((

(* Let $G=(V,D,B)$ be a mixed graph, $v\in V$, and $Y\subseteq V\setminus(\{v\}\cup\mathrm{sib}(v))$ with $|Y|=|\mathrm{pa}(v)|$. For $(\Lambda,\Omega)\in\Theta$ with $\Sigma=\phi_G(\Lambda,\Omega)$ let $\mathbf{J}=[(I-\Lambda)^T\Sigma]_{Y,\mathrm{pa}(v)}$ (the submatrix with rows $Y$ and columns $\mathrm{pa}(v)$). If $\mathbf{J}$ is generically invertible, i.e. $\det\mathbf{J}$ is not identically zero as a function of $(\Lambda,\Omega)\in\Theta$, then $Y$ satisfies the half-trek criterion with respect to $v$.
   Context: A mixed graph is $G=(V,D,B)$ with $V=[m]$, $D$ directed edges $v\to w$, $B$ symmetric bidirected edges $v\leftrightarrow w$, no self-loops. $\mathrm{pa}(v)=\{w:w\to v\in D\}$, $\mathrm{sib}(v)=\{w:w\leftrightarrow v\in B\}$. $\mathbb{R}^D_{\mathrm{reg}}$: real $m\times m$ $\Lambda$ with $\lambda_{vw}=0$ for $v\to w\notin D$ and $I-\Lambda$ invertible; $\mathrm{PD}(B)$: positive definite symmetric $\Omega$ with $\omega_{vw}=0$ for $v\ne w$, $v\leftrightarrow w\notin B$; $\Theta=\mathbb{R}^D_{\mathrm{reg}}\times\mathrm{PD}(B)$; $\phi_G(\Lambda,\Omega)=(I-\Lambda)^{-T}\Omega(I-\Lambda)^{-1}$. A half-trek from $y$ to $w$ is a path $y\leftrightarrow w_0\to w_1\to\cdots\to w_r=w$ (left side $\{y\}$, right side $\{w_0,\dots,w_r\}$) or $y\to w_1\to\cdots\to w_r=w$, $r\ge0$ (left side $\{y\}$, right side $\{y,w_1,\dots,w_r\}$); nodes may repeat. A system of half-treks from $X$ to $Y$: half-treks with distinct sources forming $X$ and distinct targets forming $Y$; no sided intersection: pairwise disjoint left sides and pairwise disjoint right sides. $Y$ satisfies the half-trek criterion w.r.t. $v$ if $|Y|=|\mathrm{pa}(v)|$, $Y\cap(\{v\}\cup\mathrm{sib}(v))=\emptyset$, and there is a system of half-treks with no sided intersection from $Y$ to $\mathrm{pa}(v)$. *)

theory Defs
  imports "Jordan_Normal_Form.DL_Submatrix" "Jordan_Normal_Form.Determinant"
begin

text \<open>Mixed graph on vertex set V = {0..<m}. D: directed edges (v,w) meaning v -> w;
 B: bidirected edges, stored symmetrically.\<close>

definition mixed_graph :: "nat \<Rightarrow> (nat \<times> nat) set \<Rightarrow> (nat \<times> nat) set \<Rightarrow> bool" where
  "mixed_graph m D B \<longleftrightarrow>
     D \<subseteq> {0..<m} \<times> {0..<m} \<and> B \<subseteq> {0..<m} \<times> {0..<m} \<and>
     (\<forall>v. (v,v) \<notin> D) \<and> (\<forall>v. (v,v) \<notin> B) \<and> (\<forall>v w. (v,w) \<in> B \<longrightarrow> (w,v) \<in> B)"

definition pa :: "(nat \<times> nat) set \<Rightarrow> nat \<Rightarrow> nat set" where
  "pa D v = {w. (w,v) \<in> D}"

definition sib :: "(nat \<times> nat) set \<Rightarrow> nat \<Rightarrow> nat set" where
  "sib B v = {w. (w,v) \<in> B}"

definition reg_D :: "nat \<Rightarrow> (nat \<times> nat) set \<Rightarrow> real mat set" where
  "reg_D m D = {L. L \<in> carrier_mat m m \<and>
      (\<forall>v<m. \<forall>w<m. (v,w) \<notin> D \<longrightarrow> L $$ (v,w) = 0) \<and>
      invertible_mat (1\<^sub>m m - L)}"

definition PD_B :: "nat \<Rightarrow> (nat \<times> nat) set \<Rightarrow> real mat set" where
  "PD_B m B = {W. W \<in> carrier_mat m m \<and> transpose_mat W = W \<and>
      (\<forall>x \<in> carrier_vec m. x \<noteq> 0\<^sub>v m \<longrightarrow> x \<bullet> (W *\<^sub>v x) > 0) \<and>
      (\<forall>v<m. \<forall>w<m. v \<noteq> w \<and> (v,w) \<notin> B \<longrightarrow> W $$ (v,w) = 0)}"

definition Theta :: "nat \<Rightarrow> (nat \<times> nat) set \<Rightarrow> (nat \<times> nat) set \<Rightarrow> (real mat \<times> real mat) set" where
  "Theta m D B = reg_D m D \<times> PD_B m B"

definition mat_inv :: "nat \<Rightarrow> real mat \<Rightarrow> real mat" where
  "mat_inv m A = (SOME C. C \<in> carrier_mat m m \<and> A * C = 1\<^sub>m m \<and> C * A = 1\<^sub>m m)"

definition phi :: "nat \<Rightarrow> real mat \<Rightarrow> real mat \<Rightarrow> real mat" where
  "phi m L W = transpose_mat (mat_inv m (1\<^sub>m m - L)) * W * mat_inv m (1\<^sub>m m - L)"

text \<open>A half-trek with source y is a pair (bi, p) where p is a nonempty node list
 forming a directed walk. If bi: the path is y <-> p!0 -> p!1 -> ... (right side = set p).
 If not bi: p!0 = y and the path is y -> p!1 -> ... (right side = set p, containing y). Nodes may repeat.\<close>

definition directed_walk :: "(nat \<times> nat) set \<Rightarrow> nat list \<Rightarrow> bool" where
  "directed_walk D p \<longleftrightarrow> (\<forall>i. Suc i < length p \<longrightarrow> (p ! i, p ! Suc i) \<in> D)"

definition is_half_trek :: "(nat \<times> nat) set \<Rightarrow> (nat \<times> nat) set \<Rightarrow> nat \<Rightarrow> nat \<Rightarrow> bool \<times> nat list \<Rightarrow> bool" where
  "is_half_trek D B y w h \<longleftrightarrow>
     (let bi = fst h; p = snd h in
       p \<noteq> [] \<and> directed_walk D p \<and> last p = w \<and>
       (if bi then (y, hd p) \<in> B else hd p = y))"

definition left_side :: "nat \<Rightarrow> bool \<times> nat list \<Rightarrow> nat set" where
  "left_side y h = {y}"

definition right_side :: "nat \<Rightarrow> bool \<times> nat list \<Rightarrow> nat set" where
  "right_side y h = set (snd h)"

))

The task
Where a line above includes "then", copy that line.

Answer to this problem
(* Let $G=(V,D,B)$ be a mixed graph, $v\in V$, and $Y\subseteq V\setminus(\{v\}\cup\mathrm{sib}(v))$ with $|Y|=|\mathrm{pa}(v)|$. For $(\Lambda,\Omega)\in\Theta$ with $\Sigma=\phi_G(\Lambda,\Omega)$ let $\mathbf{J}=[(I-\Lambda)^T\Sigma]_{Y,\mathrm{pa}(v)}$ (the submatrix with rows $Y$ and columns $\mathrm{pa}(v)$). If $\mathbf{J}$ is generically invertible, i.e. $\det\mathbf{J}$ is not identically zero as a function of $(\Lambda,\Omega)\in\Theta$, then $Y$ satisfies the half-trek criterion with respect to $v$.
       (if bi then (y, hd p) \<in> B else hd p = y))"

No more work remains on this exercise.